• [PROBLEM TO WORK ON]
When a line in the data below includes "blast", pick it out and copy it.

(Saved data entries)
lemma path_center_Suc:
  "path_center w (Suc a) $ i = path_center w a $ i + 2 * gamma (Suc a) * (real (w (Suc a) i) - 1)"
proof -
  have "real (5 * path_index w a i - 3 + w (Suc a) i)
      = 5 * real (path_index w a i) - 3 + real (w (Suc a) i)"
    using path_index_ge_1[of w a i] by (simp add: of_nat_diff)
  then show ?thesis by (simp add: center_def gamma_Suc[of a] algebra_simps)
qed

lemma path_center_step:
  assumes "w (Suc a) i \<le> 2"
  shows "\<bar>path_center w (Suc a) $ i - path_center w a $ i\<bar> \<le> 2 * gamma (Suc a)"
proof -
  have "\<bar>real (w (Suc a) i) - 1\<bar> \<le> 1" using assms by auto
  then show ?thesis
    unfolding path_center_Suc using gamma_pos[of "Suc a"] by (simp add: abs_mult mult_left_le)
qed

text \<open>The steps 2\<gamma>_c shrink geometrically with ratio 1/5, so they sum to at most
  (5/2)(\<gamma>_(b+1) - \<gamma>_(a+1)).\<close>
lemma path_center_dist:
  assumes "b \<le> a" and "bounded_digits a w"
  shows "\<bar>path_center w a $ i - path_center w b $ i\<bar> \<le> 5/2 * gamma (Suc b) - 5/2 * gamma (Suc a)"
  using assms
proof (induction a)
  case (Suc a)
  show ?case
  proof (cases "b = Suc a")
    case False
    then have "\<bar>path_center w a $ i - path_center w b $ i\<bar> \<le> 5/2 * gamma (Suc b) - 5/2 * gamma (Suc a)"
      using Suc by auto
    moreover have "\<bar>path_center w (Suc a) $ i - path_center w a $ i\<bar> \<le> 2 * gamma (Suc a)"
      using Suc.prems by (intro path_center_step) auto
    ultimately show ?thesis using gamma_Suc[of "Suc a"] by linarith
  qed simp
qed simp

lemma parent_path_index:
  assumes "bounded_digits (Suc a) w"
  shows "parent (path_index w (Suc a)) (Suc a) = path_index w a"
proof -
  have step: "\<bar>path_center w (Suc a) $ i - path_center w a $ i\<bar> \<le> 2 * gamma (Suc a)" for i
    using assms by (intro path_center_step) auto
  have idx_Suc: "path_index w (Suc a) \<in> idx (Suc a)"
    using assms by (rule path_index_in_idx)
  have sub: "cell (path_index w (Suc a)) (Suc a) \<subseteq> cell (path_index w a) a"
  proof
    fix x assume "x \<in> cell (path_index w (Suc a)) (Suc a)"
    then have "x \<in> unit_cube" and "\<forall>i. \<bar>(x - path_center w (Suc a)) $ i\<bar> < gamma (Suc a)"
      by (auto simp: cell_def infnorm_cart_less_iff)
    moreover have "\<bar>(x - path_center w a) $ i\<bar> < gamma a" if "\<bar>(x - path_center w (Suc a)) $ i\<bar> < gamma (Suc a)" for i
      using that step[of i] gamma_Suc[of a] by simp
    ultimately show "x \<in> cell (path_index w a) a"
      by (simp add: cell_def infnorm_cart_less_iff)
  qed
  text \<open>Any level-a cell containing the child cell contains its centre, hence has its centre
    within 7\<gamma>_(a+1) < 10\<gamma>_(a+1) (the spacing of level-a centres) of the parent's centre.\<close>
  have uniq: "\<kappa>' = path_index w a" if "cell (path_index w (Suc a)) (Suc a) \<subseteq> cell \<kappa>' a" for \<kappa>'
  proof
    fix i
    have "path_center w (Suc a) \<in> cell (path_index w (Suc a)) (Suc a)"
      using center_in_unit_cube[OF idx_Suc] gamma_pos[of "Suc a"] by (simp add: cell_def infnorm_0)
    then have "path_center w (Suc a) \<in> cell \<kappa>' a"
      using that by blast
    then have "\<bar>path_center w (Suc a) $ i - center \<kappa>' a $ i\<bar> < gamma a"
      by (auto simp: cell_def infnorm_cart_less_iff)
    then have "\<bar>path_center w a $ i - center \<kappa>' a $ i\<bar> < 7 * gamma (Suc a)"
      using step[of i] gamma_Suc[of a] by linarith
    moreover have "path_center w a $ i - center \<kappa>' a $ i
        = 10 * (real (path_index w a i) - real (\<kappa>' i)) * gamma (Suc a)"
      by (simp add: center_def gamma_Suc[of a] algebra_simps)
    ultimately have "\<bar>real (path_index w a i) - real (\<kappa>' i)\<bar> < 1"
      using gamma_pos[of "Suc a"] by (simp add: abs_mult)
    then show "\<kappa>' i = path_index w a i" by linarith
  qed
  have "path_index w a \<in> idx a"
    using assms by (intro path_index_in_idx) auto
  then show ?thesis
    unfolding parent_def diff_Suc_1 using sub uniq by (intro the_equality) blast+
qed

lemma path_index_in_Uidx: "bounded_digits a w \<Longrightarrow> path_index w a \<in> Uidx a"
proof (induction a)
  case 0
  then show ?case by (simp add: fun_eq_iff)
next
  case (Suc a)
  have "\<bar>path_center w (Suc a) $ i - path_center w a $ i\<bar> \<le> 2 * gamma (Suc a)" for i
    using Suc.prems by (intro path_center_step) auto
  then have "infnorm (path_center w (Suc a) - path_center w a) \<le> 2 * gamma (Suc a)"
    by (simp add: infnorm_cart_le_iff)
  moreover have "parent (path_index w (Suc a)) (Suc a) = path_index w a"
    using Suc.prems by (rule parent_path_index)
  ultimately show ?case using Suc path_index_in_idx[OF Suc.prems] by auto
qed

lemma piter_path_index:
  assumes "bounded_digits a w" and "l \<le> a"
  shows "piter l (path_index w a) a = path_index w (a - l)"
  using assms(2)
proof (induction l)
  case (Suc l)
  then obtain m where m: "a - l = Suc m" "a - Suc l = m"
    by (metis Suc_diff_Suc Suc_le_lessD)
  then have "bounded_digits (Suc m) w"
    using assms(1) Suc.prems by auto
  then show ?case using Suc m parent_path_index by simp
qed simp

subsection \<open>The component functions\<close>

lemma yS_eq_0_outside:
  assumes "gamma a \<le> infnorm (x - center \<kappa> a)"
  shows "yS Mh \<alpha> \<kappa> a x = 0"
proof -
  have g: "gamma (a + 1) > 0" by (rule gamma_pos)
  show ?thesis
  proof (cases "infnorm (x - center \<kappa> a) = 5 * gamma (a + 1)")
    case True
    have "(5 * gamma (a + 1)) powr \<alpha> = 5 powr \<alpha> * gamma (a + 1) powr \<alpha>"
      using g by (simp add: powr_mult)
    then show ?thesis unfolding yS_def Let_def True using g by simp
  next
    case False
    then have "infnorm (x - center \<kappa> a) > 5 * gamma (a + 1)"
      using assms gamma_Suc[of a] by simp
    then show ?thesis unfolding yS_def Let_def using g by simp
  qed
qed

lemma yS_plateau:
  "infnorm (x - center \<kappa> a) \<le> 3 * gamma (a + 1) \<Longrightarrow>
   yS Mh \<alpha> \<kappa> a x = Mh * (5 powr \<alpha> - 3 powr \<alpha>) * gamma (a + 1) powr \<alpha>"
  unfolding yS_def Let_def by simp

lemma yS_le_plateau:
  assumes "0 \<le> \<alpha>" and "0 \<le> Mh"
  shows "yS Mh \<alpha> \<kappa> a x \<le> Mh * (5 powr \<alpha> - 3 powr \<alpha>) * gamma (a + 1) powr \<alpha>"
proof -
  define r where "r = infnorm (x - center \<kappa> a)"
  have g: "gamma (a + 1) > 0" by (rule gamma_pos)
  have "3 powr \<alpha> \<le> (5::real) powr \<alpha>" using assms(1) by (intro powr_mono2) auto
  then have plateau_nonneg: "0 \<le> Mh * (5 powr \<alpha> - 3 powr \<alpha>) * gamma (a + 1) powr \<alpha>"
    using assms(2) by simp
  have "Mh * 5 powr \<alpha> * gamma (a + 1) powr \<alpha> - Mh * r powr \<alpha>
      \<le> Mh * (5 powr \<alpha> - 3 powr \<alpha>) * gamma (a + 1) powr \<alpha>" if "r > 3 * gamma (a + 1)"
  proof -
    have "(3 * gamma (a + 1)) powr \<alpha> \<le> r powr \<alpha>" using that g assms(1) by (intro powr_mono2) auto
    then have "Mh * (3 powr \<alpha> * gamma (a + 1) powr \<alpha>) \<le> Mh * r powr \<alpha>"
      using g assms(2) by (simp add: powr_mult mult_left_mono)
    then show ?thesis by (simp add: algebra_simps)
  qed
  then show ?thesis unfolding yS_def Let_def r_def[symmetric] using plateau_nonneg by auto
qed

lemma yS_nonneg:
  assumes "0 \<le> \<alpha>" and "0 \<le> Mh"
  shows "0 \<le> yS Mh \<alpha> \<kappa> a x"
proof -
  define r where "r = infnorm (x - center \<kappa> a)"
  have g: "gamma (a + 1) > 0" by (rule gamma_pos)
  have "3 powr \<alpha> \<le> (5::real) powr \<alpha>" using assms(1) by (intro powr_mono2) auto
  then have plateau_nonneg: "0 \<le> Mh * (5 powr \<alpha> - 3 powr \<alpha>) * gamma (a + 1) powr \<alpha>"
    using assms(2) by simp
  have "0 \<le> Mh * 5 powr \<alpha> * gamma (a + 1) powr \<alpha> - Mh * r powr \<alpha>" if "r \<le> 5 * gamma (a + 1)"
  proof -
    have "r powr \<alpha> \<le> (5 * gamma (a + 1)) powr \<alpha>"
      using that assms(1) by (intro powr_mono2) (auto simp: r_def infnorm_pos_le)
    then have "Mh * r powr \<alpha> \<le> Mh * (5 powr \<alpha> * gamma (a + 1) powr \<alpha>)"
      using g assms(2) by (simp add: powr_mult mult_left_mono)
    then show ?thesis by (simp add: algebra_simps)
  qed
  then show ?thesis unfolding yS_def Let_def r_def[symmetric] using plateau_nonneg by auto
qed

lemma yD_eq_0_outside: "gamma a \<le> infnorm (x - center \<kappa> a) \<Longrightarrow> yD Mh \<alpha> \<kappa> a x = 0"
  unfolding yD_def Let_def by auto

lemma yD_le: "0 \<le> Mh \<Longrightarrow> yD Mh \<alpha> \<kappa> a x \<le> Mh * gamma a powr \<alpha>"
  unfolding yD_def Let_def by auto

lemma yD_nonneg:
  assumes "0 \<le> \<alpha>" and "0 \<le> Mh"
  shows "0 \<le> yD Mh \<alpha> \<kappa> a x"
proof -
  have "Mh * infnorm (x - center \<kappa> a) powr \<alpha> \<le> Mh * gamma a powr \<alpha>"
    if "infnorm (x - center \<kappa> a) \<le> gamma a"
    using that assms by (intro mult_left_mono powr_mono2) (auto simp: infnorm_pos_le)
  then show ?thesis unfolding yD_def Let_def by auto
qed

• [WRITTEN SOLUTION]
      using that by blast
    unfolding parent_def diff_Suc_1 using sub uniq by (intro the_equality) blast+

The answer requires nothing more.